The Court finds that plaintiffs have not demonstrated any special circumstances distinguishing this case from an ordinary producer-distributor relationship. The Court therefore holds that a jury could not find that a fiduciary relationship existed between plaintiffs and defendants in this case. Accordingly, the Court grants defendants' motion for summary judgment on this claim.


COUNT 5 - Trade Secret Misappropriation

As the sole distributors defendants had a confidential relationship with plaintiffs that permitted defendants access to plaintiffs' alleged trade secrets. Plaintiffs assert that defendants used there secrets in the development and the marketing of Quantum MIS. Plaintiffs have presented sufficient evidence for a jury to conclude that defendants used their knowledge of TQT and their experience marketing TQT to create and market Quantum MIS. Thus summary judgment is inappropriate with respect to this claim.


COUNT 6 - Fraudulent Transfer

The Court finds no evidence that Softwares' transfer of assets to Quantum LLC was intended to hinder, delay, or defraud iSystems, or more specifically to avoid any liability that might accrue to this action. Softwares, Quantum, and CHOF all remain defendants in this case. There is no indication that, should plaintiffs prevail on there claims, they will be unable to recover from defendants. Summary judgment is therefore granted to defendants on this claim.


COUNT 7 - Consumer Fraud

Plaintiffs have withdrawn this claim, and the Court will accordingly dismiss it.


COUNT 8 - Disregard of Corporate Entity

The court is satisfied that given CHOF's intimate involvement in both Softwares and Quantum and the ease and frequency with which assets appear to be transferred between CHOF's subsidiaries, allowing CHOF and Quantum to escape liability because each is technically a separate business from Softwares would permit them an advantage they do not merit.
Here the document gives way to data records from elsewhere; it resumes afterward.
(* There are infinitely many binary strings $w$ (strings over a two-letter alphabet) such that $\sigma(w)/|w| > 2.035$, where $\sigma(w)$ denotes the sum of the exponents of all runs in $w$.
   Context: For a word $u=u_1\cdots u_m$ over a finite alphabet, the (shortest) period $\mathrm{per}(u)$ is the smallest positive integer $p$ such that $u_i=u_{i+p}$ for all $1\le i\le m-p$; $u[i..j]$ denotes the factor $u_i\cdots u_j$. A run in a word $u$ is an interval $[i..j]$ of positions such that the period $p$ of $u[i..j]$ satisfies $2p\le j-i+1$, and the interval cannot be extended to the left or right without violating this, i.e. $u[i-1]\ne u[i+p-1]$ (or $i=1$) and $u[j-p+1]\ne u[j+1]$ (or $j=|u|$). The exponent of such a run is $(j-i+1)/p$. $\sigma(u)$ is the sum of exponents of all runs in $u$. *)

theory Defs
  imports Complex_Main
begin

text \<open>Words are lists; positions are 0-indexed here (the paper uses 1-indexed).\<close>

definition is_period :: "'a list \<Rightarrow> nat \<Rightarrow> bool" where
  "is_period u p \<longleftrightarrow> 0 < p \<and> (\<forall>i. i + p < length u \<longrightarrow> u ! i = u ! (i + p))"

definition per :: "'a list \<Rightarrow> nat" where
  "per u = (LEAST p. is_period u p)"

definition factor :: "'a list \<Rightarrow> nat \<Rightarrow> nat \<Rightarrow> 'a list" where
  "factor u i j = take (Suc j - i) (drop i u)"

definition is_run :: "'a list \<Rightarrow> nat \<Rightarrow> nat \<Rightarrow> bool" where
  "is_run u i j \<longleftrightarrow> i \<le> j \<and> j < length u \<and>
     (let p = per (factor u i j) in
        2 * p \<le> j - i + 1 \<and>
        (i = 0 \<or> u ! (i - 1) \<noteq> u ! (i + p - 1)) \<and>
        (j + 1 = length u \<or> u ! (j + 1 - p) \<noteq> u ! (j + 1)))"

definition runs :: "'a list \<Rightarrow> (nat \<times> nat) set" where
  "runs u = {(i, j). is_run u i j}"

definition run_exponent :: "'a list \<Rightarrow> nat \<times> nat \<Rightarrow> real" where
  "run_exponent u r = real (snd r - fst r + 1) / real (per (factor u (fst r) (snd r)))"

definition sigma :: "'a list \<Rightarrow> real" where
  "sigma u = (\<Sum>r\<in>runs u. run_exponent u r)"

end

theory Submission
  imports Defs "HOL-Library.Product_Lexorder"
begin

text \<open>
  Let \<open>w\<close> be a fixed binary word of length 475 found by computer search. It has 443 runs in \<open>w\<^sup>3\<close>
  that start inside the first copy of \<open>w\<close> and stop before the end of \<open>w\<^sup>3\<close>, of total exponent
  \<open>S > 966.66\<close>. Periodicity of \<open>w\<^sup>k\<close> carries each of them to \<open>k - 2\<close> distinct runs
  of \<open>w\<^sup>k\<close> with the same exponent, and \<open>w\<^sup>k\<close> is itself a run of exponent \<open>k\<close>. Hence
  \<open>\<sigma>(w\<^sup>k) \<ge> (k - 2) S + k\<close>, and \<open>\<sigma>(w\<^sup>k) / |w\<^sup>k|\<close> tends to \<open>(S + 1) / 475 > 2.035\<close>.
  The runs are certified through some period of their factor rather than the shortest one;
  this suffices because, by the weak Fine--Wilf theorem, the shortest period divides it.
\<close>

lemma is_period_pos: "is_period u p \<Longrightarrow> 0 < p"
  by (simp add: is_period_def)

lemma is_period_nth_add_mult:
  assumes "is_period u q" "a + c * q < length u"
  shows "u ! a = u ! (a + c * q)"
  using assms(2)
proof (induction c)
  case (Suc c)
  have "u ! a = u ! (a + c * q)" using Suc by simp
  also have "\<dots> = u ! (a + c * q + q)"
    using assms(1) Suc.prems unfolding is_period_def by (simp add: algebra_simps)
  finally show ?case by (simp add: algebra_simps)
qed simp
Thus, the Court will not grant defendants' motion for summary judgment on this claim.


COUNT 9 - Conspiracy

"[A] conspiracy is a combination of persons to accomplish an unlawful purpose or to accomplish a lawful purpose by unlawful means." Under Minnesota law, a corporation cannot conspire with itself. Similarly, a wholly owned subsidiary cannot conspire with its parent corporation.

Softwares and Quantum are both wholly owned subsidiaries of CHOF. All three are controlled and managed by the same small group of people. All share the goal of supporting CHOF and its membership. Thus the Court finds that a conspiracy cannot, as a matter of law, exist between CHOF, Softwares, and Quantum and this claim will be dismissed.
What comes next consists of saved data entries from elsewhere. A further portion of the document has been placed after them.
lemma mrc_rate_minus_linear:
  fixes A C c x :: real
  assumes "x < 1"
  shows "mrc_rate A c x - x * C = (1 - x) * (ln (A + c * (x / (1 - x))) - (C - ln A) * (x / (1 - x)))"
proof -
  have "(1 - x) * ((C - ln A) * (x / (1 - x))) = (C - ln A) * x" using assms by simp
  then show ?thesis unfolding mrc_rate_def right_diff_distrib by (simp add: algebra_simps)
qed

lemma mrc_rate_supergradient:
  fixes A c u x y :: real
  assumes "0 < A" "0 \<le> c" "0 < x" "x < 1" "0 < y" "y < 1"
    and u_def: "u = A + c * x / (1 - x)"
  shows "mrc_rate A c y \<le> mrc_rate A c x + (ln A + 1 - (ln u + (A - c) / u)) * (y - x)"
  \<comment> \<open>the factor of \<open>y - x\<close> is the derivative of \<open>mrc_rate A c\<close> at \<open>x\<close>\<close>
proof -
  define v where "v = A + c * y / (1 - y)"
  have u: "0 < u" and v: "0 < v"
    using assms by (auto simp: u_def v_def intro!: add_pos_nonneg)
  have "c / (1 - x) = u - (A - c)"
    using assms(4) unfolding u_def by (simp add: field_simps)
  then have slope: "c / ((1 - x) * u) = 1 - (A - c) / u"
    using u by (simp add: divide_divide_eq_left[symmetric] diff_divide_distrib)
  have "v - u = c * (y - x) / ((1 - x) * (1 - y))"
    unfolding u_def v_def using assms(3-6) by (simp add: field_simps)
  then have "(1 - y) * ((v - u) / u) = c / ((1 - x) * u) * (y - x)"
    using assms(4,6) u by (simp add: divide_simps ac_simps)
  moreover have "(1 - y) * (ln v - ln u) \<le> (1 - y) * ((v - u) / u)"
    using ln_diff_le[OF v u] assms by (intro mult_left_mono) auto
  moreover have "mrc_rate A c y - mrc_rate A c x = (y - x) * (ln A - ln u) + (1 - y) * (ln v - ln u)"
    by (simp add: mrc_rate_def u_def v_def algebra_simps)
  ultimately show ?thesis unfolding slope by (simp add: algebra_simps)
qed

lemma mrc_rate_crossing_point:
  fixes A C c W x\<^sub>1 :: real
  assumes "1 < A" "ln A < C" "0 < c"
    and W_def: "W = lambertWm1 (- ((C - ln A) / c) * exp (- ((C - ln A) * A / c)))"
    and x\<^sub>1_def: "x\<^sub>1 = (- (1 / (C - ln A)) * W - A / c) / (1 - (1 / (C - ln A)) * W - A / c)"
  shows "0 < x\<^sub>1" "x\<^sub>1 < 1" "mrc_rate A c x\<^sub>1 = x\<^sub>1 * C"
    and "\<And>x. x\<^sub>1 \<le> x \<Longrightarrow> x < 1 \<Longrightarrow> mrc_rate A c x \<le> x * C"
proof -
  define a where "a = C - ln A"
  have "0 < a" using assms by (simp add: a_def)
  obtain t where t: "0 < t" "ln (A + c * t) = a * t" "c < a * (A + c * t)"
    and beyond: "\<And>s. t \<le> s \<Longrightarrow> ln (A + c * s) \<le> a * s"
    using ln_affine_crosses_linear[OF assms(1) \<open>0 < a\<close> assms(3)] by blast
  have "0 < A + c * t" using assms t by (simp add: add_pos_pos)
  then have "W = - (a * (A + c * t) / c)"
    using lambertWm1_at_crossing[OF assms(3) _ t(2,3)] by (simp add: W_def a_def)
  then have "- (1 / a) * W - A / c = t" using \<open>0 < a\<close> assms(3) by (simp add: field_simps)
  then have x\<^sub>1: "x\<^sub>1 = t / (1 + t)" by (simp add: x\<^sub>1_def a_def[symmetric] algebra_simps)
  show "0 < x\<^sub>1" "x\<^sub>1 < 1" using t by (simp_all add: x\<^sub>1)
  have t_eq: "x\<^sub>1 / (1 - x\<^sub>1) = t" using t by (simp add: x\<^sub>1 field_simps)
  show "mrc_rate A c x\<^sub>1 = x\<^sub>1 * C"
    using mrc_rate_minus_linear[of x\<^sub>1 A c C] \<open>x\<^sub>1 < 1\<close> t(2) by (simp add: t_eq a_def)
  fix x assume "x\<^sub>1 \<le> x" "x < 1"
  then have "ln (A + c * (x / (1 - x))) - (C - ln A) * (x / (1 - x)) \<le> 0"
    using beyond[of "x / (1 - x)"] divide_one_minus_mono[of x\<^sub>1 x] by (simp add: t_eq a_def)
  then have "(1 - x) * (ln (A + c * (x / (1 - x))) - (C - ln A) * (x / (1 - x))) \<le> 0"
    using \<open>x < 1\<close> by (intro mult_nonneg_nonpos) auto
  then show "mrc_rate A c x \<le> x * C"
    using mrc_rate_minus_linear[of x A c C] \<open>x < 1\<close> by linarith
qed

lemma mrc_rate_stationary_max:
  fixes A c E x\<^sub>2 :: real
  assumes "0 < A" "0 < c" "A < E" and stationary: "ln E + (A - c) / E = ln A + 1"
    and x\<^sub>2_def: "x\<^sub>2 = (E - A) / (E + c - A)"
  shows "0 < x\<^sub>2" "x\<^sub>2 < 1"
    and "\<And>y. 0 < y \<Longrightarrow> y < 1 \<Longrightarrow> mrc_rate A c y \<le> mrc_rate A c x\<^sub>2"
    and "\<And>x y. x\<^sub>2 \<le> x \<Longrightarrow> x \<le> y \<Longrightarrow> y < 1 \<Longrightarrow> mrc_rate A c y \<le> mrc_rate A c x"
proof -
  show x\<^sub>2: "0 < x\<^sub>2" "x\<^sub>2 < 1" using assms by (simp_all add: x\<^sub>2_def)
  have den: "0 < E + c - A" using assms by simp
  then have "1 - x\<^sub>2 = c / (E + c - A)" by (simp add: x\<^sub>2_def field_simps)
  then have "c * x\<^sub>2 / (1 - x\<^sub>2) = E - A" using den assms(2) by (simp add: x\<^sub>2_def)
  then have E: "E = A + c * x\<^sub>2 / (1 - x\<^sub>2)" by simp
  show "mrc_rate A c y \<le> mrc_rate A c x\<^sub>2" if "0 < y" "y < 1" for y
    using mrc_rate_supergradient[OF _ _ x\<^sub>2 that E] stationary assms by simp
  fix x y assume xy: "x\<^sub>2 \<le> x" "x \<le> y" "y < 1"
  define u where "u = A + c * x / (1 - x)"
  have "E \<le> u"
    using divide_one_minus_mono[of x\<^sub>2 x] xy assms(2) unfolding E u_def
    by (simp add: mult_left_mono times_divide_eq_right[symmetric] del: times_divide_eq_right)
  then have "ln A + 1 - (ln u + (A - c) / u) \<le> 0"
    using ln_add_divide_mono[of E u "A - c"] stationary assms by simp
  then have "(ln A + 1 - (ln u + (A - c) / u)) * (y - x) \<le> 0"
    using xy by (simp add: mult_nonpos_nonneg)
  moreover have "0 < x" using x\<^sub>2 xy by simp
  moreover have "mrc_rate A c y \<le> mrc_rate A c x + (ln A + 1 - (ln u + (A - c) / u)) * (y - x)"
    using \<open>0 < x\<close> xy assms(1,2) by (intro mrc_rate_supergradient[OF _ _ _ _ _ _ u_def]) auto
  ultimately show "mrc_rate A c y \<le> mrc_rate A c x" by simp
qed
COUNT 10 - Deceptive Trade Practices

Plaintiffs maintain that defendants mailed announcements to TQT customers and represented at trade fairs that Quantum MIS was an upgrade of TQT, and that the previous version of TQT was broken. Plaintiffs have submitted evidence of at least one such advertisement. Plaintiffs have also submitted evidence that defendants represented to TQT users in the Quantum MIS focus group that TQT was unstable and had speed issues, among other things. Defendants contend that plaintiffs have failed to show that these alleged statements were false of misleading. The Court disagrees. Plaintiffs clearly maintain that TQT is a functioning product, and that Quantum MIS is a competing product copied, in large part, from TQT. Whether defendants' version or plaintiffs' version is a classic question of fact.

Defendants also contend that plaintiffs have not shown they were damaged in any way. There is evidence that TQT's sales have decreased substantially since defendants ceased marketing TQT and began developing and marketing Quantum MIS. This is sufficient evidence from which to conclude that plaintiffs were harmed by defendants' statements to current and potential TQT customers. Plaintiffs explicitly seek injunctive relief. Plaintiffs have adequately pled and supported their claim for violation of the Minnesota Deceptive Trade Practices Act, and the Court therefore will not grant defendants' motion for summary judgment on this claim.